# [Stored data entries]
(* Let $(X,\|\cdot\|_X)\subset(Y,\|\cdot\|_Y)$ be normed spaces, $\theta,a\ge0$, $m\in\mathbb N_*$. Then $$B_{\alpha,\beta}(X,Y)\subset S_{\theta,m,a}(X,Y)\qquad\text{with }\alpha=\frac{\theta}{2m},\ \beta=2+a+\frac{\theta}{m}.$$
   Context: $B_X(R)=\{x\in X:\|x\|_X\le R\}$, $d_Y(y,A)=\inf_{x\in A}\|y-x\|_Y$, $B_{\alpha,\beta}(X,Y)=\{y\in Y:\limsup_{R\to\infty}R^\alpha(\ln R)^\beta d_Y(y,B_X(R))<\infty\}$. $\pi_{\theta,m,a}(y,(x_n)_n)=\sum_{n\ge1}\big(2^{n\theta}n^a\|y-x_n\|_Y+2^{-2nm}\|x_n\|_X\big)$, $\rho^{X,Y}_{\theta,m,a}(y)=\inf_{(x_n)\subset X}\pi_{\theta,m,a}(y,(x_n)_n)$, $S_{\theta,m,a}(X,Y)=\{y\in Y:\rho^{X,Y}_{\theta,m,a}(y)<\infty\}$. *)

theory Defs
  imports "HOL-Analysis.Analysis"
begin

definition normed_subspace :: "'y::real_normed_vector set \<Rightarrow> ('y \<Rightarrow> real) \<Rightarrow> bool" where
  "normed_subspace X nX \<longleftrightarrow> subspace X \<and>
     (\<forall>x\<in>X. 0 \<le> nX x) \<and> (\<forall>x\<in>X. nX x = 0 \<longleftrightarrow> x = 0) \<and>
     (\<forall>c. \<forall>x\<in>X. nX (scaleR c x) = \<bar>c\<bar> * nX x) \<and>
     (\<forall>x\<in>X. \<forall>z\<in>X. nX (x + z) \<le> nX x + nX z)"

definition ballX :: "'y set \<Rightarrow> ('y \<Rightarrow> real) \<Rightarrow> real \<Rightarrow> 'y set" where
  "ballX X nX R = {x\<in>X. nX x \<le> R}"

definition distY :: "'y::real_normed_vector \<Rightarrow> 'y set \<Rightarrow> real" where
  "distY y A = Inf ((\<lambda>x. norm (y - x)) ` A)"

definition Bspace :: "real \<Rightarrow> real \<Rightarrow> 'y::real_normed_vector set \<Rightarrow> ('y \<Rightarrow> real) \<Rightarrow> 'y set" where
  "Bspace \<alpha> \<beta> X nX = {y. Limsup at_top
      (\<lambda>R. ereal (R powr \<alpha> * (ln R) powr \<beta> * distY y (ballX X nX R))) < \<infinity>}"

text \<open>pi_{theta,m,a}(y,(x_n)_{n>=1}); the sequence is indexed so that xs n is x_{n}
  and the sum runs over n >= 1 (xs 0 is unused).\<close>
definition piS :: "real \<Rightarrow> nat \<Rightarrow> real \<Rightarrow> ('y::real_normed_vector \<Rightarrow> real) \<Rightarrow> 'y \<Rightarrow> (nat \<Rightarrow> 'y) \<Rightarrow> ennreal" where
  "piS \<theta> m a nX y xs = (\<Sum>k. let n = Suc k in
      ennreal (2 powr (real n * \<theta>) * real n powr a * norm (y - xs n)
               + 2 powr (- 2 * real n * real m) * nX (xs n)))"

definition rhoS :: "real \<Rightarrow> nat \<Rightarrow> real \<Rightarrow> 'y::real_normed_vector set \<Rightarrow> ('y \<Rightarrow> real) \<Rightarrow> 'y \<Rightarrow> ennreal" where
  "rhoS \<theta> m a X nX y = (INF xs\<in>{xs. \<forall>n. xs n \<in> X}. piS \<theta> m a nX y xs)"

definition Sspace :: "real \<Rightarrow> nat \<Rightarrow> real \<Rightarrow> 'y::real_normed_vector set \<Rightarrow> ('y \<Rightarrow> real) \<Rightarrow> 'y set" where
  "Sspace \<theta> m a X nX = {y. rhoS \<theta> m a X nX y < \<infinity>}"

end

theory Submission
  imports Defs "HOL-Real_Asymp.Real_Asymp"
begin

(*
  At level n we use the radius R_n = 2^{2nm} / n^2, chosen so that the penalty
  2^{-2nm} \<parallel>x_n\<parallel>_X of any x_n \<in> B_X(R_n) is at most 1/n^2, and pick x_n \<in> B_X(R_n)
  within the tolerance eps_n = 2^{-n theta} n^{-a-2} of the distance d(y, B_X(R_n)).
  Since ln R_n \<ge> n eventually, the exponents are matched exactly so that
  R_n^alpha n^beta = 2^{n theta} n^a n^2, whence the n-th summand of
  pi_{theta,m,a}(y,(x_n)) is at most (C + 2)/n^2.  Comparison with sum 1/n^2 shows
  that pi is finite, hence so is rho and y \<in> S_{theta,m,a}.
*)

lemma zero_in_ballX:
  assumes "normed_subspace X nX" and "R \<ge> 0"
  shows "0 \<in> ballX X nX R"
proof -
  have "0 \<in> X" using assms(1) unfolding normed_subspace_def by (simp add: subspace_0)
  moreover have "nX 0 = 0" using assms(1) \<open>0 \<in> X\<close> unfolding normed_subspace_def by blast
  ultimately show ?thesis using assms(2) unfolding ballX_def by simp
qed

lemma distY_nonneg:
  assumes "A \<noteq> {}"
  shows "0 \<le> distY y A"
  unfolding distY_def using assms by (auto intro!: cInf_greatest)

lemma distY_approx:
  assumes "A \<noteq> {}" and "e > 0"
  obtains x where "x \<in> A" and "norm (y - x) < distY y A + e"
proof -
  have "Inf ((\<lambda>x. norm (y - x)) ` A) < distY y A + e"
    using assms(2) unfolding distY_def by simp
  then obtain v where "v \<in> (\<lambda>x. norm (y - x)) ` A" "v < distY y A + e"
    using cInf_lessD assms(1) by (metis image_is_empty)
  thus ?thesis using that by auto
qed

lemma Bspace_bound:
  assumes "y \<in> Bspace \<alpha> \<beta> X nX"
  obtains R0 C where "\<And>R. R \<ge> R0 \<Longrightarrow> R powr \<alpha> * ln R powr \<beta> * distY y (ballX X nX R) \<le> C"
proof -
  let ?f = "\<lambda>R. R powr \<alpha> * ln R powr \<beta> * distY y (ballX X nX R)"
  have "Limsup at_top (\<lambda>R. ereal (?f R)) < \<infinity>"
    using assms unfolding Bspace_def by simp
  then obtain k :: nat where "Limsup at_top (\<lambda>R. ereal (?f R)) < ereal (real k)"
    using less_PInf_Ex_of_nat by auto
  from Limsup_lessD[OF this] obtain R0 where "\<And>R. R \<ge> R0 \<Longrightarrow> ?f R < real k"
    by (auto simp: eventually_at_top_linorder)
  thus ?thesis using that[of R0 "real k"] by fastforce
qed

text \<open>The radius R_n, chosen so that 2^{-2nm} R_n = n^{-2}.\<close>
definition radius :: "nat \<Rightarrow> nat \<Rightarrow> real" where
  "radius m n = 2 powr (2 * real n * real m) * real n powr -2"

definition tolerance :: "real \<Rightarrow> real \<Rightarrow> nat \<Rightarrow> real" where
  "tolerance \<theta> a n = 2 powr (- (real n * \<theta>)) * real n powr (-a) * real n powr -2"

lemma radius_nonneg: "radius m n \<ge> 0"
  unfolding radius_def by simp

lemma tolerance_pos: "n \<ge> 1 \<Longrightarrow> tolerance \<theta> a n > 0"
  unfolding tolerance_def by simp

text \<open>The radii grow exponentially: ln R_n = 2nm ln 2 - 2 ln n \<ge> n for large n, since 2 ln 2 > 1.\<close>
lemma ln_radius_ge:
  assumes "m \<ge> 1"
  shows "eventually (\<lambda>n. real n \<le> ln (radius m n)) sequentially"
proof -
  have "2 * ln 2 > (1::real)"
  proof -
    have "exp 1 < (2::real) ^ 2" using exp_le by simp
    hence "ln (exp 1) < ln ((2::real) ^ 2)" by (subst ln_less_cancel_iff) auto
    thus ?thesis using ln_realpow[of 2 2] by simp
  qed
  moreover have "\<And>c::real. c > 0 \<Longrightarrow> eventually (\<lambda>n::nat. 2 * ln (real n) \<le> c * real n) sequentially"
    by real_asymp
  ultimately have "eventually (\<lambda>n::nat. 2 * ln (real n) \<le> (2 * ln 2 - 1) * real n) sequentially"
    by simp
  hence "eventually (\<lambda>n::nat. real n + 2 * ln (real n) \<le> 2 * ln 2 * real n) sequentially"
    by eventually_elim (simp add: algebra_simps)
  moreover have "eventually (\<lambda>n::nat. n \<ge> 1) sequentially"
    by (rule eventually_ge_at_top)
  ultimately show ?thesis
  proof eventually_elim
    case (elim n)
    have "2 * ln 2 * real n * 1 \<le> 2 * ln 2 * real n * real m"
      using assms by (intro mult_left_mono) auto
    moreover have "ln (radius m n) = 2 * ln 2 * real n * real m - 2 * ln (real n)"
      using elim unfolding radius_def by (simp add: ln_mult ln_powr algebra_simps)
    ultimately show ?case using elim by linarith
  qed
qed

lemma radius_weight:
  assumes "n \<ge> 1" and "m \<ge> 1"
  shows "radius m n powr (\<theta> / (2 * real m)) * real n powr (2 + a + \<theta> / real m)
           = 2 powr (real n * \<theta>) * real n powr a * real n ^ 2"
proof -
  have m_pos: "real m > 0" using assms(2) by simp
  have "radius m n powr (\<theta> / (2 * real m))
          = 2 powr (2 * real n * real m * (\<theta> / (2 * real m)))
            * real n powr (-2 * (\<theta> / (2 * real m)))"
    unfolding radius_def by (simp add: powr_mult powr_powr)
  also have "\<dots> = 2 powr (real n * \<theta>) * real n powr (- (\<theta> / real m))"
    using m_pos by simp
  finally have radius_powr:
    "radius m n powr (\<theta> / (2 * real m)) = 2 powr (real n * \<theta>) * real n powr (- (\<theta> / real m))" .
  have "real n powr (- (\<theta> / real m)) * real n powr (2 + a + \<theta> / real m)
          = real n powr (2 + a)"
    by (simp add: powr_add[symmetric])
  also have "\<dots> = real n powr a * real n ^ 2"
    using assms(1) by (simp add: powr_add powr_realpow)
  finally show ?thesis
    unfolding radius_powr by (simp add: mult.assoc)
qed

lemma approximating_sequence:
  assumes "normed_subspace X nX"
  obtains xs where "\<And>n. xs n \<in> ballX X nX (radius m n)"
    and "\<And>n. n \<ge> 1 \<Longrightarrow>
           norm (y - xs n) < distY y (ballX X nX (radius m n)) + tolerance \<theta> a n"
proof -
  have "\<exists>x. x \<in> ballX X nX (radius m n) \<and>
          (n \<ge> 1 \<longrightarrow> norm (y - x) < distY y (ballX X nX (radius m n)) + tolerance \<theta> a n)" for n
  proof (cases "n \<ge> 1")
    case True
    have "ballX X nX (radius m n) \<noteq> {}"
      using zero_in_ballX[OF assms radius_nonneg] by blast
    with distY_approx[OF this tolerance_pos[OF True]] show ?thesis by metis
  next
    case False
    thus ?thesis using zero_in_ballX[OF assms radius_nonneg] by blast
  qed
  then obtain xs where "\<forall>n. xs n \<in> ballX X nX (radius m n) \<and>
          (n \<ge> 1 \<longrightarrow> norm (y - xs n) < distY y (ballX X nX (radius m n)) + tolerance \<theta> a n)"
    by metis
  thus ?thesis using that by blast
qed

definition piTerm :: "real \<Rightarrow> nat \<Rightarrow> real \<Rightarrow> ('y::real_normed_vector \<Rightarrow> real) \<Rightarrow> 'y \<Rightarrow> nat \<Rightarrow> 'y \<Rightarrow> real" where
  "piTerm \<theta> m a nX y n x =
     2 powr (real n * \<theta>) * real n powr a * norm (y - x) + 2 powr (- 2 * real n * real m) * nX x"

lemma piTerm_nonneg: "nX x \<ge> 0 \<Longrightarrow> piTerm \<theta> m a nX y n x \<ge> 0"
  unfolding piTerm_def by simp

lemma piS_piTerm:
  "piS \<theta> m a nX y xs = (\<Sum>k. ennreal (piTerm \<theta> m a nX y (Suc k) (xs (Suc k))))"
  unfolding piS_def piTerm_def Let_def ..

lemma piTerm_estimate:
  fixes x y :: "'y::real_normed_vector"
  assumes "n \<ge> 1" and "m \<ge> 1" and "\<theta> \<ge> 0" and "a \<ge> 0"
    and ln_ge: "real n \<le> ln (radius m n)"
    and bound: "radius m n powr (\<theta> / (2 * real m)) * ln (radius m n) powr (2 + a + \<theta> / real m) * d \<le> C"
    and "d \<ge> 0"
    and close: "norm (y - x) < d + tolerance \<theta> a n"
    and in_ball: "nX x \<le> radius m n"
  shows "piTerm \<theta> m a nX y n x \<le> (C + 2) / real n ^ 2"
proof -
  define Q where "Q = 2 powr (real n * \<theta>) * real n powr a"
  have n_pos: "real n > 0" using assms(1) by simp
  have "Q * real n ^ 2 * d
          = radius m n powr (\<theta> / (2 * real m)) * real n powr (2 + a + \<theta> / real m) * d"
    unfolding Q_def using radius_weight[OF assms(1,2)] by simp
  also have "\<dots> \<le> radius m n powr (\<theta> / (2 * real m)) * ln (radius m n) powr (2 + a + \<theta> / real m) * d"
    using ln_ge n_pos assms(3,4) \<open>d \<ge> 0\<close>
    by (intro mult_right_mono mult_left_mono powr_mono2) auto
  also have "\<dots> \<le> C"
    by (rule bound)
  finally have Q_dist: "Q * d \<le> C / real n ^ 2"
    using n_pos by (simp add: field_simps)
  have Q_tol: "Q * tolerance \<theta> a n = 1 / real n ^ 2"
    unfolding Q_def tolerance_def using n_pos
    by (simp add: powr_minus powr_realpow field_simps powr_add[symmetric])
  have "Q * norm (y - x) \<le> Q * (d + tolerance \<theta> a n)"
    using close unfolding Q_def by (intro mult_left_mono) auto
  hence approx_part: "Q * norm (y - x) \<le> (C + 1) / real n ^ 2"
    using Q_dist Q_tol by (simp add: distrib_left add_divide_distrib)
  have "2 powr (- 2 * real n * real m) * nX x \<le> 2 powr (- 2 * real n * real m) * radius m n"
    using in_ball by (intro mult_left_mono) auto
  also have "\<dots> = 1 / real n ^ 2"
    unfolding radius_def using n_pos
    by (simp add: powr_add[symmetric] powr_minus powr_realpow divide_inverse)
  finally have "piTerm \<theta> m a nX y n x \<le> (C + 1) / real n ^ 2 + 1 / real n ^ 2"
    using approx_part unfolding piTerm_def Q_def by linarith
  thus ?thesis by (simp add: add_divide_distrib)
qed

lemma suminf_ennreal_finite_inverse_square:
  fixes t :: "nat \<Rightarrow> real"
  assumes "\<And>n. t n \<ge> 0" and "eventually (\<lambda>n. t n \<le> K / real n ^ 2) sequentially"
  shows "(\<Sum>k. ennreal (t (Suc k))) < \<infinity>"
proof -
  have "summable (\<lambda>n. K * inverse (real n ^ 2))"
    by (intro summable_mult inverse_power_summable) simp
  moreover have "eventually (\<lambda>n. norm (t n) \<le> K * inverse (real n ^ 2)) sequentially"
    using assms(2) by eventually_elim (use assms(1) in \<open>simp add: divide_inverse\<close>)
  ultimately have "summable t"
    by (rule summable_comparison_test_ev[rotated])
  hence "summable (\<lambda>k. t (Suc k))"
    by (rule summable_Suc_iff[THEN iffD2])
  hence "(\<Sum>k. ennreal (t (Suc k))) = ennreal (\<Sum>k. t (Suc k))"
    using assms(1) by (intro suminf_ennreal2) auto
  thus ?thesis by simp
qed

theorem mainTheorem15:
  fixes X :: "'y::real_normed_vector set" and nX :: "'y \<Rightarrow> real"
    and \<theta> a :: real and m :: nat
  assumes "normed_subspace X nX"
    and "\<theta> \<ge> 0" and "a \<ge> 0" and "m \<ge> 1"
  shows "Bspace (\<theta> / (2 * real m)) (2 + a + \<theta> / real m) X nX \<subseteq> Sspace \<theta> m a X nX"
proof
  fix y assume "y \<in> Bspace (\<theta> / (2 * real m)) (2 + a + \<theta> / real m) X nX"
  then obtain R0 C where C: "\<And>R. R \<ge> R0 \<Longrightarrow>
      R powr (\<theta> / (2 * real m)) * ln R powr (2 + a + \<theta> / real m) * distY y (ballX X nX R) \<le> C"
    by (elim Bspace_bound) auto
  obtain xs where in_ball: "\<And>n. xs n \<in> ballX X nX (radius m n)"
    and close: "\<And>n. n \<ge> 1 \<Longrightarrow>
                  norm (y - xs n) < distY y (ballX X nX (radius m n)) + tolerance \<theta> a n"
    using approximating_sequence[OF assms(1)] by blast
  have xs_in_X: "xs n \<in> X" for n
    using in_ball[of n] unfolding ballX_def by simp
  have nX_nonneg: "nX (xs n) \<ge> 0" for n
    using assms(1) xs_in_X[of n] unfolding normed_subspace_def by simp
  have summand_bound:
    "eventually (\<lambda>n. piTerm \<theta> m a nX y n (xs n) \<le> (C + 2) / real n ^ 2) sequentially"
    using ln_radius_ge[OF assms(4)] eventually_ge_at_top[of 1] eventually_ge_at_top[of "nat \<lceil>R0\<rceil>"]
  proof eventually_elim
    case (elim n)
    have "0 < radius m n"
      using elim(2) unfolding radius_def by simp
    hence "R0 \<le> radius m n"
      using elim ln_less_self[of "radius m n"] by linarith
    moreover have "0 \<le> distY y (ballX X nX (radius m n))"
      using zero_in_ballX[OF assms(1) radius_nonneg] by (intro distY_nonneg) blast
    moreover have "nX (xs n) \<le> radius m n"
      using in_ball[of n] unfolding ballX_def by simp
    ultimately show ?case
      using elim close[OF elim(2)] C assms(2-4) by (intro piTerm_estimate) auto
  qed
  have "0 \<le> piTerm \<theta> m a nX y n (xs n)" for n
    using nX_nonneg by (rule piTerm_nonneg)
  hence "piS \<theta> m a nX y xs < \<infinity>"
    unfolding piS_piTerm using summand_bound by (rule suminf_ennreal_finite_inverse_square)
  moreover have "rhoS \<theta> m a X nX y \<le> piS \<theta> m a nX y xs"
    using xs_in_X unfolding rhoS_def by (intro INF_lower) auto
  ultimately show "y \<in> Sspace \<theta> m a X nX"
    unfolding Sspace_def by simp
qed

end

# [What you are asked to do]
Locate the word "obtains" in the records above, and return each line that has it.

# [Solution for this problem]
  obtains x where "x \<in> A" and "norm (y - x) < distY y A + e"
  obtains R0 C where "\<And>R. R \<ge> R0 \<Longrightarrow> R powr \<alpha> * ln R powr \<beta> * distY y (ballX X nX R) \<le> C"
  obtains xs where "\<And>n. xs n \<in> ballX X nX (radius m n)"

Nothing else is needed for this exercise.